Our results suggest that the intensive monitoring of dogs is necessary to prevent human infection by H5N1 influenza virus, since infected dogs may not show clear clinical signs, in contrast to infected cats.


An interesting result, considering that last spring  Korea Detected H5N8 Antibodies In asymptomatic Farm Dogs.

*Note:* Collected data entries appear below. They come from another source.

text \<open>Conversely every BCH monomial of degree s is a form of degree s in the coordinates phi:
  by bch_mon_split it is a product of the norms phi 0, phi 3 and of one of the conjugate
  products x^q y = rho (phi 1 - theta phi 2), x y^q = rho^q (phi 1 - theta' phi 2).\<close>
lemma phi_03: "phi 0 P = P 0 ^ q * P 0" "phi 3 P = P 1 ^ q * P 1"
  by (simp_all add: phi_def)

lemma phi_conj_products:
  "\<rho> * phi 1 P + (- (\<rho> * \<theta>)) * phi 2 P = P 0 ^ q * P 1"
  "\<rho> ^ q * phi 1 P + (- (\<rho> ^ q * \<theta>')) * phi 2 P = P 0 * P 1 ^ q"
proof -
  have "\<rho> * phi 1 P + (- (\<rho> * \<theta>)) * phi 2 P = \<rho> * (phi 1 P - \<theta> * phi 2 P)"
    by (simp add: algebra_simps)
  also have "\<dots> = (\<rho> * inverse \<rho>) * (P 0 ^ q * P 1)" by (simp add: phi_factor mult.assoc)
  finally show "\<rho> * phi 1 P + (- (\<rho> * \<theta>)) * phi 2 P = P 0 ^ q * P 1"
    using rho_nonzero by simp
  have "\<rho> ^ q * phi 1 P + (- (\<rho> ^ q * \<theta>')) * phi 2 P = \<rho> ^ q * (phi 1 P - \<theta>' * phi 2 P)"
    by (simp add: algebra_simps)
  also have "\<dots> = (\<rho> ^ q * inverse \<rho> ^ q) * (P 0 * P 1 ^ q)" by (simp add: phi_factor_conj mult.assoc)
  finally show "\<rho> ^ q * phi 1 P + (- (\<rho> ^ q * \<theta>')) * phi 2 P = P 0 * P 1 ^ q"
    using rho_nonzero by (simp flip: power_mult_distrib)
qed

The second study, which appears in the December issue of the EID Journal, looks at the ability of cats to contract, and spread a contemporary strain of the equine/canine H3N8 virus.

 

Equine Influenza A(H3N8) Virus Infection in Cats

Shuo Su1, Lifang Wang1, Xinliang Fu, Shuyi He, Malin Hong, Pei Zhou, Alexander Lai , Gregory Gray, and Shoujun Li

Abstract

Interspecies transmission of equine influenza A(H3N8) virus has resulted in establishment of a canine influenza virus. To determine if something similar could happen with cats, we experimentally infected 14 cats with the equine influenza A(H3N8) virus. All showed clinical signs, shed virus, and transmitted the virus to a contact cohort.

Conclusions

That cats are susceptible to EIV by direct inoculation is not surprising because infection of cats with various influenza A viruses has been reported. Feline respiratory tract epithelial cells contain sialic acid α-2,3-galactose β-1,3-N-acetyl galactosamine (SA α2,3 gal) receptors for avian and equine influenza viruses and SA α2,6 gal receptors for mammalian influenza virus (13).

However, our finding of horizontal transmission of EIV among cats is significant. If transmission occurs outside the laboratory, and if the basic reproduction rate is higher than 1.0, then EIV could potentially establish itself and circulate in this new host species. Why it has not yet happened naturally, as it did for canine influenza virus (H3N8), remains to be determined. Possibilities include lower transmission efficiency, lower probability of horse–cat contact, less virus shedding in a laboratory, or feline behavior (less social contact than dogs).

 

These researchers repeated this experiment with an older strain of the equine H3N8 virus, and while some of the cats seroconverted, they all remained asymptomatic. Illustrating the variance of virulence one often finds between clades or strains of the same influenza A subtype.

.

In just over a decade we’ve gone from believing that dogs and cats aren’t really susceptible to flu to viewing them as Potential `Mixing Vessels’ For Influenza

 

Last summer, in Canine H3N2 Reassortant With pH1N1 Matrix Gene, we looked at this precise scenario. At roughly the same time the American Society for Microbiology issued this warning:

 

Evolution of Equine Influenza Led to Canine Offshoot Which Could Mix With Human Influenza

WASHINGTON, DC – June 19, 2014 – Equine influenza viruses from the early 2000s can easily infect the respiratory tracts of dogs, while those from the 1960s are only barely able to, according to research published ahead of print in the Journal of Virology. The research also suggests that canine and human influenza viruses can mix, and generate new influenza viruses.

(Continue . . . )

 

Although  it’s true that pigs and birds are considered  far superior biological `flu factories’,  any jump of a novel flu virus to a new species is viewed with concern, because it affords the virus new opportunities to acquire host adaptations – or reassort with other viruses – and thereby increases its chances of becoming a human health threat.


While the future role of dogs and cats in the evolution of influenza is subject to debate, for now, your pet is at far greater risk of catching the flu from you, than you are from it (see Companion Animals & Reverse Zoonosis).